------ DATASET CONTENT

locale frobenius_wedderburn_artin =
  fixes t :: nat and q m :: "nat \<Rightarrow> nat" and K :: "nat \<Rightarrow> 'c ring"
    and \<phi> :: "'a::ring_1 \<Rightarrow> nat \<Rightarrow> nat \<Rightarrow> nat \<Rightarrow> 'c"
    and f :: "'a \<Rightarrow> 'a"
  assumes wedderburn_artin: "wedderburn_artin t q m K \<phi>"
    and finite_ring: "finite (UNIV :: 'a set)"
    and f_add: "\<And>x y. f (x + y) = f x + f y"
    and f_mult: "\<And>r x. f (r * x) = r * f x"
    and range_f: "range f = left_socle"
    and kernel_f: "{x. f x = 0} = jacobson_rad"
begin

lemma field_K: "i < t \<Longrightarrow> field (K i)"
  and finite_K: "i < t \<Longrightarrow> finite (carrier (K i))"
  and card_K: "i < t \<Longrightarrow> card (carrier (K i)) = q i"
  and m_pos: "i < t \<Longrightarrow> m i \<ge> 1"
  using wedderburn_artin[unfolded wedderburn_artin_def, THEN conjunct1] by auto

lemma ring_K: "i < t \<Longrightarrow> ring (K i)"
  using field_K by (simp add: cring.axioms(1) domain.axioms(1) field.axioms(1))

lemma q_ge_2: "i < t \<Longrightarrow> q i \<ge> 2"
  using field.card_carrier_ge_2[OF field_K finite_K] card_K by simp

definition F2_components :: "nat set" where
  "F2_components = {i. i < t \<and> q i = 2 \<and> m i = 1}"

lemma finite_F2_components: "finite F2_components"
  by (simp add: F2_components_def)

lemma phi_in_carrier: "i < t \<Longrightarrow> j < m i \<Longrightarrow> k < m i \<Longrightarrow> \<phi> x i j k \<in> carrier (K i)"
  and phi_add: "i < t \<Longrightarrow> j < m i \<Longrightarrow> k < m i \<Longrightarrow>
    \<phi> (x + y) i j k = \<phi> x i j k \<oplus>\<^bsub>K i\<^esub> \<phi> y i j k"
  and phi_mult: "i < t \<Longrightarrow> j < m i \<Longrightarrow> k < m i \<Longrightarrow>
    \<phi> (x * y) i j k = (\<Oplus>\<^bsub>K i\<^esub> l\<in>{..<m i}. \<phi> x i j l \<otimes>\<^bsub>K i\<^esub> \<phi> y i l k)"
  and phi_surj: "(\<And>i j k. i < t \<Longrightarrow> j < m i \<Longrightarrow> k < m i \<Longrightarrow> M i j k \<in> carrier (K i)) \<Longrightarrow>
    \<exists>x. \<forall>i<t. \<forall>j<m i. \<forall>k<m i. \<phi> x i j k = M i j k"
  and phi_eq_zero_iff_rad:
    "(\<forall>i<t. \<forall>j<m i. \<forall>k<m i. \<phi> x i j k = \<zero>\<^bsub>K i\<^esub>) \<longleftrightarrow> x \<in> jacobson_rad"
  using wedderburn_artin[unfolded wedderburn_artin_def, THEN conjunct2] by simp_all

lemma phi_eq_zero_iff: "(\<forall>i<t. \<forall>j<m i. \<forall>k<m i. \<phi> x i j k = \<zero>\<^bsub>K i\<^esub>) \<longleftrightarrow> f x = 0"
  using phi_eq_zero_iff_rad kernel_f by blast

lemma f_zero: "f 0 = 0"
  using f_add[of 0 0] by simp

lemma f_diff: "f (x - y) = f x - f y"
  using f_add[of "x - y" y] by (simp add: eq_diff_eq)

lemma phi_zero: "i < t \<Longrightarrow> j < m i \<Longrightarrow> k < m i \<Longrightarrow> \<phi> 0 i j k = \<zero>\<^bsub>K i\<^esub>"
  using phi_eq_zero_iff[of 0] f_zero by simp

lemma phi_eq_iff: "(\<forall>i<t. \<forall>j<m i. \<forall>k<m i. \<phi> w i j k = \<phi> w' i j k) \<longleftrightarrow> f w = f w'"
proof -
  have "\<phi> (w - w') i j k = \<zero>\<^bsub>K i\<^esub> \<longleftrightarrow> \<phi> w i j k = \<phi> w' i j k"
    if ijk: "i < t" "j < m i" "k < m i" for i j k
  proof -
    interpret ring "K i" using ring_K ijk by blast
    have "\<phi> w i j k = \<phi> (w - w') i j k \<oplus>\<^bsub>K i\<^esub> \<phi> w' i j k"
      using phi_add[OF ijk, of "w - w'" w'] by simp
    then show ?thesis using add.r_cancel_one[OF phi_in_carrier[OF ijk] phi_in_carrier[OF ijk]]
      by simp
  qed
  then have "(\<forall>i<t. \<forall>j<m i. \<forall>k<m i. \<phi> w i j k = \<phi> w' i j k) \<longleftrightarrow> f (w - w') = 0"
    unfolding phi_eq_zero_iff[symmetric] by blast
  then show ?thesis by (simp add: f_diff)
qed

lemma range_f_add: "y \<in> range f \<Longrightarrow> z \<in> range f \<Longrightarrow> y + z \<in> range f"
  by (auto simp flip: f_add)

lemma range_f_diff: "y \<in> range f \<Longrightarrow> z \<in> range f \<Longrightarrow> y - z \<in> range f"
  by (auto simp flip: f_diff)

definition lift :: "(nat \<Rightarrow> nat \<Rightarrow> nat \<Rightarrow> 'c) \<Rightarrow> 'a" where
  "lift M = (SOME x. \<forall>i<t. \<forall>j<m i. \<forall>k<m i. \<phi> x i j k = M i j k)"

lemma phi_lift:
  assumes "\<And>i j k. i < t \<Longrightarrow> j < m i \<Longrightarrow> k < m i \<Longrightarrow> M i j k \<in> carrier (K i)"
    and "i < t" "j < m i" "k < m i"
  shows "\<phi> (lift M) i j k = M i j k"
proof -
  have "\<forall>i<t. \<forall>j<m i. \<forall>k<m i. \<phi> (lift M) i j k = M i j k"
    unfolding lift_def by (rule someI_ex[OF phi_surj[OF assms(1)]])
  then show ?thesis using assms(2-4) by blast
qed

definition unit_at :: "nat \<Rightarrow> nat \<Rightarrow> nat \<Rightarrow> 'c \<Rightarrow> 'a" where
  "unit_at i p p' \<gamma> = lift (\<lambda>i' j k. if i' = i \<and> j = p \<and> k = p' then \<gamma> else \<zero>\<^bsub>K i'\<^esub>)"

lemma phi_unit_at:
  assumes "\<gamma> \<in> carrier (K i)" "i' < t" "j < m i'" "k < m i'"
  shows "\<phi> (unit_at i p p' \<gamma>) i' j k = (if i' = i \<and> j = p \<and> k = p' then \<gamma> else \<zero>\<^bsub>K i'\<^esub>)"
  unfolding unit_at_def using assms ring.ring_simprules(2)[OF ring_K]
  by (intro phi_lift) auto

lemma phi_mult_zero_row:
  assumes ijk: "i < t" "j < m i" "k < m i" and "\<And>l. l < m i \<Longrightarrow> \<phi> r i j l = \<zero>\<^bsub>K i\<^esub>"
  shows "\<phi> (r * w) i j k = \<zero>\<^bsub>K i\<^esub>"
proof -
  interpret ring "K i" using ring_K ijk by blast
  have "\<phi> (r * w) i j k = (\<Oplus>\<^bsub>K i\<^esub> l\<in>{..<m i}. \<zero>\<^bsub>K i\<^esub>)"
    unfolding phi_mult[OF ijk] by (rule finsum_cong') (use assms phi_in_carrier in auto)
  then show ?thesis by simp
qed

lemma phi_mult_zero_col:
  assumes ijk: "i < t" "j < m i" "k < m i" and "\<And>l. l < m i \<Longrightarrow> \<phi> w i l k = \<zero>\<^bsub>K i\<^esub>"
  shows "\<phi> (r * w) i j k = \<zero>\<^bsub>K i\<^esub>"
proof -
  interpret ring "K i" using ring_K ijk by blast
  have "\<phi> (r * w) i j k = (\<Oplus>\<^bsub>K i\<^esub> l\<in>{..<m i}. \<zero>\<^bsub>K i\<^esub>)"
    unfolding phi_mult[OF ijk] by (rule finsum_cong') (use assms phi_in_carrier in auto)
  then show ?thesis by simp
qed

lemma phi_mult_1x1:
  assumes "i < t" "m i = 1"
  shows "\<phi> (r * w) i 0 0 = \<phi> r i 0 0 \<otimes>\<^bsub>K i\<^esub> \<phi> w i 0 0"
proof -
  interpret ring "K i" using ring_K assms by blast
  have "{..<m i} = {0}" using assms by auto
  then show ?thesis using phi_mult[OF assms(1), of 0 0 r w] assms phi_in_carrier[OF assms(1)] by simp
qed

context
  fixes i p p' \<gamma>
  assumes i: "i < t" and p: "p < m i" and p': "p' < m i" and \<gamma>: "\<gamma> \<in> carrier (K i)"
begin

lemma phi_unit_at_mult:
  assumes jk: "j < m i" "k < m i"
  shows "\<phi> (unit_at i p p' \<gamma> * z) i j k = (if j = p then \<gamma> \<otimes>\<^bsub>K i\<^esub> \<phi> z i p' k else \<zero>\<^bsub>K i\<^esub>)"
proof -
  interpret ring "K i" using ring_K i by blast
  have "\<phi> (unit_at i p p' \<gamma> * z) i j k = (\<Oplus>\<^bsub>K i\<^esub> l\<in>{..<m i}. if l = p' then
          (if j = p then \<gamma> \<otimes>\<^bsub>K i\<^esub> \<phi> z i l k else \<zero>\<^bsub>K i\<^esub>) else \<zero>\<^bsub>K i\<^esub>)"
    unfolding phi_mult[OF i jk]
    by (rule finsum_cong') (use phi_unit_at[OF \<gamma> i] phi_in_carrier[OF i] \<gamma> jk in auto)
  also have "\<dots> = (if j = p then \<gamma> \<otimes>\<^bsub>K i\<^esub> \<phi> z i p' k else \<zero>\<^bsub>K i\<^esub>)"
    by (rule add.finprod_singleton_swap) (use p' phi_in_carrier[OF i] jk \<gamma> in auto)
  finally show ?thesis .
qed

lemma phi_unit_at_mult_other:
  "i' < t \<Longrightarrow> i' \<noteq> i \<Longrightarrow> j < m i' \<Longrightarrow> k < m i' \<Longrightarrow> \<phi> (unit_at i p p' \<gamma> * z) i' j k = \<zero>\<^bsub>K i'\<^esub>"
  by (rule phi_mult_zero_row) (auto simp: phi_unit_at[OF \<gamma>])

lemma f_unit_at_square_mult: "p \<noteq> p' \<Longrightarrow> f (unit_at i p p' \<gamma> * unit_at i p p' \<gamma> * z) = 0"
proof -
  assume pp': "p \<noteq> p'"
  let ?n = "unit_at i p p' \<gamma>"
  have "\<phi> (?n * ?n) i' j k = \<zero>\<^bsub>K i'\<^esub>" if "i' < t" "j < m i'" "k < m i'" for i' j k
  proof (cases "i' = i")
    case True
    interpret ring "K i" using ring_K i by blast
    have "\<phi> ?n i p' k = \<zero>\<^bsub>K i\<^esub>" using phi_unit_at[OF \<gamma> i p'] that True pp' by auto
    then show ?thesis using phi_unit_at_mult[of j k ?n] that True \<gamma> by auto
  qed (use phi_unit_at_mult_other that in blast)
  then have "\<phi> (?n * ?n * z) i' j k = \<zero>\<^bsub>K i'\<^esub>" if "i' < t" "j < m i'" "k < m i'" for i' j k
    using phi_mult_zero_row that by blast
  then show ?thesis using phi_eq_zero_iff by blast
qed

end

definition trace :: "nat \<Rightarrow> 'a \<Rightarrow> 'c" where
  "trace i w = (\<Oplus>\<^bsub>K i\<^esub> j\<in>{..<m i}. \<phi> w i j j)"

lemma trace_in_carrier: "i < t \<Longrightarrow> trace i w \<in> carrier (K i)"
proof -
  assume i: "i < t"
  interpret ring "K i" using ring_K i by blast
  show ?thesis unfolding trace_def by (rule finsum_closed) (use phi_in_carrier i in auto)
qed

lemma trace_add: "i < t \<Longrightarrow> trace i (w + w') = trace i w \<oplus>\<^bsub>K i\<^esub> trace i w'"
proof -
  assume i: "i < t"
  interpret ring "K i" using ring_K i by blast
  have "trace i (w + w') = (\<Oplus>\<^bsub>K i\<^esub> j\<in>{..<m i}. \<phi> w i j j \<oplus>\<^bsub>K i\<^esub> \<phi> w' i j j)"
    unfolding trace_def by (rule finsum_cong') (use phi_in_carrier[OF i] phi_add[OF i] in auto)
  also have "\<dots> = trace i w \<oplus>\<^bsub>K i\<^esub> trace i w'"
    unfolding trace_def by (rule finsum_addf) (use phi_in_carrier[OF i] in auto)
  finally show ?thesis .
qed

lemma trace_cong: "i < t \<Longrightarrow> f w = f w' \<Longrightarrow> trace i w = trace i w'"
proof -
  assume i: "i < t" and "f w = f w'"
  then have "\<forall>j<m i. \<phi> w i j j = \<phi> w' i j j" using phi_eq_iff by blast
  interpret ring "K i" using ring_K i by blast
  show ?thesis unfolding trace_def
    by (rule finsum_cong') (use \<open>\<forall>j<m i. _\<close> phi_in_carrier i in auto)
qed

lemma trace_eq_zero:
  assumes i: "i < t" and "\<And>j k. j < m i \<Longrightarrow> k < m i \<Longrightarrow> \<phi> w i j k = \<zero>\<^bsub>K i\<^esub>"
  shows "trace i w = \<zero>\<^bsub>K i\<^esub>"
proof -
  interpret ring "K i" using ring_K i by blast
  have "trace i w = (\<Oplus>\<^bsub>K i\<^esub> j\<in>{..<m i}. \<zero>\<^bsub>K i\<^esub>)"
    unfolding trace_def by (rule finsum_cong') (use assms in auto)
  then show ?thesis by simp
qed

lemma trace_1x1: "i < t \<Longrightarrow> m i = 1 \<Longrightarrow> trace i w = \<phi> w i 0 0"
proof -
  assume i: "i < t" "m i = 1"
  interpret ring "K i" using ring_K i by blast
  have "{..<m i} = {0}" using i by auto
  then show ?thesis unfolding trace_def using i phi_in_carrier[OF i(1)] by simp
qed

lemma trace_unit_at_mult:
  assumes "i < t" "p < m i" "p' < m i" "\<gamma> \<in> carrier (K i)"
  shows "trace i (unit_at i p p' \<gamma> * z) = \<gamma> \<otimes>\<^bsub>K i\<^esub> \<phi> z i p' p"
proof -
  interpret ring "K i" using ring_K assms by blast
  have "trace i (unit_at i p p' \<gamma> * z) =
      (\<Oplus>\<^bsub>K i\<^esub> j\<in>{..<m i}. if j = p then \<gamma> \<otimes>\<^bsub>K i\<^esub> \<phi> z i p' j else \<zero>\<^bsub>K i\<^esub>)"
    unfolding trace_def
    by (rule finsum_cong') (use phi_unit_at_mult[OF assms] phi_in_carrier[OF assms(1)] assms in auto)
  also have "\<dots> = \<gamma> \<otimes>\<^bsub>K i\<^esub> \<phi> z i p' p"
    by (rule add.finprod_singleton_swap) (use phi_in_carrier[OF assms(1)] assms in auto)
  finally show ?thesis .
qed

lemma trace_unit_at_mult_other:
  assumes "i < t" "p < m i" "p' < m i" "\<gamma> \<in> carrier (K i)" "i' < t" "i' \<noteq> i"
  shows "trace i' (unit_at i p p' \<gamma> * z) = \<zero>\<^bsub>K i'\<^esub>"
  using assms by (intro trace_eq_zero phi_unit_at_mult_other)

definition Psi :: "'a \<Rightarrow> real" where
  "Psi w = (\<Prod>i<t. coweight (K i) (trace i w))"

------------
------ DATASET CONTENT

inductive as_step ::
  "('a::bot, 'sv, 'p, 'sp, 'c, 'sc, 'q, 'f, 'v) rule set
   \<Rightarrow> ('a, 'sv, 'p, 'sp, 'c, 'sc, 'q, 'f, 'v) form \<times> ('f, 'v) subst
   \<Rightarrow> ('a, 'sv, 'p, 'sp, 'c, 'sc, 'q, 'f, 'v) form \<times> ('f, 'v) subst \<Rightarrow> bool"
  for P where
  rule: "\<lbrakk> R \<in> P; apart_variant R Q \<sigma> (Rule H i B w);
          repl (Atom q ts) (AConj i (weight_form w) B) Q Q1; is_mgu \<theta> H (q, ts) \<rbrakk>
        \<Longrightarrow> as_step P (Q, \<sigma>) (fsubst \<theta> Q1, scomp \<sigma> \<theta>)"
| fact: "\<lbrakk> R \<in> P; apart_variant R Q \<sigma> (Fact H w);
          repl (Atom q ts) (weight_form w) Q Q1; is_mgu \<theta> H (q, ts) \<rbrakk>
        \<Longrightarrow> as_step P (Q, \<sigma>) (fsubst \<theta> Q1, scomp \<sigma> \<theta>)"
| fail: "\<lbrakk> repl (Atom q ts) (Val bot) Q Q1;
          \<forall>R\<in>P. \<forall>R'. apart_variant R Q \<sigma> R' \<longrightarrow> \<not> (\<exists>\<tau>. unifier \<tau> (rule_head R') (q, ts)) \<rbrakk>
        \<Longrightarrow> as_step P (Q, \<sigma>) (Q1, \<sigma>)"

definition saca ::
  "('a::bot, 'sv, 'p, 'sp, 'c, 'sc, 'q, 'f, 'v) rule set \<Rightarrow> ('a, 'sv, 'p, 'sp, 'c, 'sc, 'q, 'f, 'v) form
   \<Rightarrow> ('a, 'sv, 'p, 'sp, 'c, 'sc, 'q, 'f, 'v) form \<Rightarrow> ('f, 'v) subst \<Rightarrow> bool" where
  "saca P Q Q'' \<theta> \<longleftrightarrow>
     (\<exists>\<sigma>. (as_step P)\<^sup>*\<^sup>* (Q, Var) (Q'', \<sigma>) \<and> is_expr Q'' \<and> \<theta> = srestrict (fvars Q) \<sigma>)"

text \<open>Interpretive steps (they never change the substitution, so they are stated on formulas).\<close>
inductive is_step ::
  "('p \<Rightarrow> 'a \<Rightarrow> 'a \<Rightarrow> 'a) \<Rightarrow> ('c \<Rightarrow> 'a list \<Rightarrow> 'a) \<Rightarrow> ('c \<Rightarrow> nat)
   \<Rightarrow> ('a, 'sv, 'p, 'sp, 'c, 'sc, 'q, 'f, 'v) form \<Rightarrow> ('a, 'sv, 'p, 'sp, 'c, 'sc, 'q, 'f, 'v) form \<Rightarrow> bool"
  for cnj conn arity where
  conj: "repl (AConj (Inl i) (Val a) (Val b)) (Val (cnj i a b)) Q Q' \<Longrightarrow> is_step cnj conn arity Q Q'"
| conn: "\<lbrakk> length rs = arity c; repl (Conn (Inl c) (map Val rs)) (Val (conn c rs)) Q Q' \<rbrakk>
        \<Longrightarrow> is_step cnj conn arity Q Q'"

------------
------ DATASET CONTENT

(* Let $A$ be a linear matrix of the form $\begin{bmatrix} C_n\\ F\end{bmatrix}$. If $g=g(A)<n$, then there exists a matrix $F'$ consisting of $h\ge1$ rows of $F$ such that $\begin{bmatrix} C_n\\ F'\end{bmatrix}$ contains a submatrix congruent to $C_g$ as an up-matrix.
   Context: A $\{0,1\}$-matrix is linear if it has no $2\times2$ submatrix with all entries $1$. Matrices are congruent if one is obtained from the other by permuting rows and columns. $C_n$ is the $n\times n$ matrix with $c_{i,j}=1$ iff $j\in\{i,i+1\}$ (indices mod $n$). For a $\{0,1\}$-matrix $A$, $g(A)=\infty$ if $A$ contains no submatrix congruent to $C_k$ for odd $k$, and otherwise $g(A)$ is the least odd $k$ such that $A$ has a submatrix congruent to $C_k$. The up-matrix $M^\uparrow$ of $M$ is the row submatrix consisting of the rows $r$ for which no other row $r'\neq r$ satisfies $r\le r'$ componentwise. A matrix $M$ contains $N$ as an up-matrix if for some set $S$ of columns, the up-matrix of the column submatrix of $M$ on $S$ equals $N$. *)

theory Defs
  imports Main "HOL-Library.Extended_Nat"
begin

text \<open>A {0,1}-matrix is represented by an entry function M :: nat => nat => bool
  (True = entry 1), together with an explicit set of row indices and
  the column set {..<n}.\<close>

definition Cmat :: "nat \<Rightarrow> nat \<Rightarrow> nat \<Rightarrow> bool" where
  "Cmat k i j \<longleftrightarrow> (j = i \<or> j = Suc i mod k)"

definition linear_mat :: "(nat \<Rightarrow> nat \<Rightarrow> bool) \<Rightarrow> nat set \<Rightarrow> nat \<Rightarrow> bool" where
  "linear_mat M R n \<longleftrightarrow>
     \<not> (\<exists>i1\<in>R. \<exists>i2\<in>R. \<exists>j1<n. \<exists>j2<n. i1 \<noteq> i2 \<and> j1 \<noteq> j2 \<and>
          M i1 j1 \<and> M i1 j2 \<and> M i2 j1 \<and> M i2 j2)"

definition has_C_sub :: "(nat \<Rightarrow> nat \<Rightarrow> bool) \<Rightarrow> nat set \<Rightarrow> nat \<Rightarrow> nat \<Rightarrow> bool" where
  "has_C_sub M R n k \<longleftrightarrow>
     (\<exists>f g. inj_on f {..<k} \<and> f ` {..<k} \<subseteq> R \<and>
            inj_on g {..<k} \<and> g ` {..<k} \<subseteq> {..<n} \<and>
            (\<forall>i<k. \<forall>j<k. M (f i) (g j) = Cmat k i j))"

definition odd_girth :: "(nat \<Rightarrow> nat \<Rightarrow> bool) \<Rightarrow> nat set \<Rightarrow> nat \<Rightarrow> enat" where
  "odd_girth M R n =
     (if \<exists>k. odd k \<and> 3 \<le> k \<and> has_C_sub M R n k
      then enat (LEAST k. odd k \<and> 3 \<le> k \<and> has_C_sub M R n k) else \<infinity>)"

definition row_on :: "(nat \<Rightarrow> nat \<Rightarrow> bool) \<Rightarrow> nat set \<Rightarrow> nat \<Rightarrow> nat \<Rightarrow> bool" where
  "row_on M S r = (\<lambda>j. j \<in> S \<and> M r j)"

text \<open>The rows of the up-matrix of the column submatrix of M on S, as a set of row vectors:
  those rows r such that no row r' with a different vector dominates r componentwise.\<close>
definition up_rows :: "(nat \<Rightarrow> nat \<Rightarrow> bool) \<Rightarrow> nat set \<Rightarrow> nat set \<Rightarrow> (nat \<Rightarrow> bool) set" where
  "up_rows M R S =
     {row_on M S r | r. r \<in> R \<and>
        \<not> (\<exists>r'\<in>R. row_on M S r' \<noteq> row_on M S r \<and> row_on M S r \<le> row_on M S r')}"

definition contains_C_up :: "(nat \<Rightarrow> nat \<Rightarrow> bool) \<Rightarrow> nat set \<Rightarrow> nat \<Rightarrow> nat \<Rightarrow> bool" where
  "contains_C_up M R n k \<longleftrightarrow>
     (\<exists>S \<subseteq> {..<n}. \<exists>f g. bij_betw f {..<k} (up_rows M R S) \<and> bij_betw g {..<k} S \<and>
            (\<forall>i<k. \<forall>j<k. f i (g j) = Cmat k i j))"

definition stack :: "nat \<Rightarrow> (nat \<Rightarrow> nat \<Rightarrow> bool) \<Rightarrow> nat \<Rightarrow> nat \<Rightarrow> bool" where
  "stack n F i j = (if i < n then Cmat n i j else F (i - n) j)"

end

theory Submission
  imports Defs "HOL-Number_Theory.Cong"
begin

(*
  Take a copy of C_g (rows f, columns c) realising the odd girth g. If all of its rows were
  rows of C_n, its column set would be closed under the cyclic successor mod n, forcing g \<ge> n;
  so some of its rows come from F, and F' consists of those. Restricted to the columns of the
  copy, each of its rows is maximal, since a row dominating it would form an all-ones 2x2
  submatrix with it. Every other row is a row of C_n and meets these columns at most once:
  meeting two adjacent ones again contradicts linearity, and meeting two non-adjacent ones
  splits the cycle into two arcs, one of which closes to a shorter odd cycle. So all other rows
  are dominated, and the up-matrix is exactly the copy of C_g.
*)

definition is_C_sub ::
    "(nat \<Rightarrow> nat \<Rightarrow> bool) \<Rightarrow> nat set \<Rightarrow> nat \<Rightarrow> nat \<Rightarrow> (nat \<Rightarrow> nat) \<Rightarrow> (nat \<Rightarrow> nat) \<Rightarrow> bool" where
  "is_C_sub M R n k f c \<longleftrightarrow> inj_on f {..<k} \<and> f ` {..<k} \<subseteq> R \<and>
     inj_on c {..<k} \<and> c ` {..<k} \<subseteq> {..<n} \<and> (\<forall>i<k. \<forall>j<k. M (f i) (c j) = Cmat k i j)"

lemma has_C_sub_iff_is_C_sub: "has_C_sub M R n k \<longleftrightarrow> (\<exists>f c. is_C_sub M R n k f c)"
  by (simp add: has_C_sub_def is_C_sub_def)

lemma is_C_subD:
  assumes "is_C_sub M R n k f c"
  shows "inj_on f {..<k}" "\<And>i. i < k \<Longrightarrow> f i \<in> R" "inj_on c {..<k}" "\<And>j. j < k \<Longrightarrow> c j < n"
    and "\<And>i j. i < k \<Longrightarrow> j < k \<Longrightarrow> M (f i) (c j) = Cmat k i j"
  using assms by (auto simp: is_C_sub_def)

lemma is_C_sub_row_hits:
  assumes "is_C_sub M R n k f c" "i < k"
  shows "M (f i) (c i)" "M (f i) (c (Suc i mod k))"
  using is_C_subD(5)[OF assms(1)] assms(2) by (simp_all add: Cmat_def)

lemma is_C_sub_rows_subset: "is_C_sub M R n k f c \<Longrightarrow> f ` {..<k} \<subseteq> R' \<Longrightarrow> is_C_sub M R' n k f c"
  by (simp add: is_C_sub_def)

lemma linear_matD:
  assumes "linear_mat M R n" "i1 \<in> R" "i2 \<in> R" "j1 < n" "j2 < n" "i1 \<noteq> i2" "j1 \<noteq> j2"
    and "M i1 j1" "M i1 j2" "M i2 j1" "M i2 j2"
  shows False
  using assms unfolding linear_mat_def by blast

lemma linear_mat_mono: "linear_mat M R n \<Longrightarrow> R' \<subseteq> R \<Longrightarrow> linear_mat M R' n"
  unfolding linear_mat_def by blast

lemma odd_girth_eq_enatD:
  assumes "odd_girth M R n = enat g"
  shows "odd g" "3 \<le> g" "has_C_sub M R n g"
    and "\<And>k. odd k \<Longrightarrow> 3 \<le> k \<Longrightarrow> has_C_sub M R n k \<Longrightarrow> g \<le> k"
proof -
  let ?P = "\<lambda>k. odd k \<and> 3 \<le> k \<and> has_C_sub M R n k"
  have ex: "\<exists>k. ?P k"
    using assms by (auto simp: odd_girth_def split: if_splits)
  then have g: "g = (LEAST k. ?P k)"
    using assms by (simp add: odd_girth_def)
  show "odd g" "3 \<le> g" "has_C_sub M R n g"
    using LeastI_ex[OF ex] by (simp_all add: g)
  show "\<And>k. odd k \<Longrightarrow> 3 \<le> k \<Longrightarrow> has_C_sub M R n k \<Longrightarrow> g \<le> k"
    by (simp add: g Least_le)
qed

------------

▶ TASK OBJECTIVE: Retype only the stretch of lines above starting at the one with "repl (Atom q ts) (weight_form" and stopping at the one with "(q, ts)) \<rbrakk>", exactly as written, with both kept.

▶ RESULT:
          repl (Atom q ts) (weight_form w) Q Q1; is_mgu \<theta> H (q, ts) \<rbrakk>
        \<Longrightarrow> as_step P (Q, \<sigma>) (fsubst \<theta> Q1, scomp \<sigma> \<theta>)"
| fail: "\<lbrakk> repl (Atom q ts) (Val bot) Q Q1;
          \<forall>R\<in>P. \<forall>R'. apart_variant R Q \<sigma> R' \<longrightarrow> \<not> (\<exists>\<tau>. unifier \<tau> (rule_head R') (q, ts)) \<rbrakk>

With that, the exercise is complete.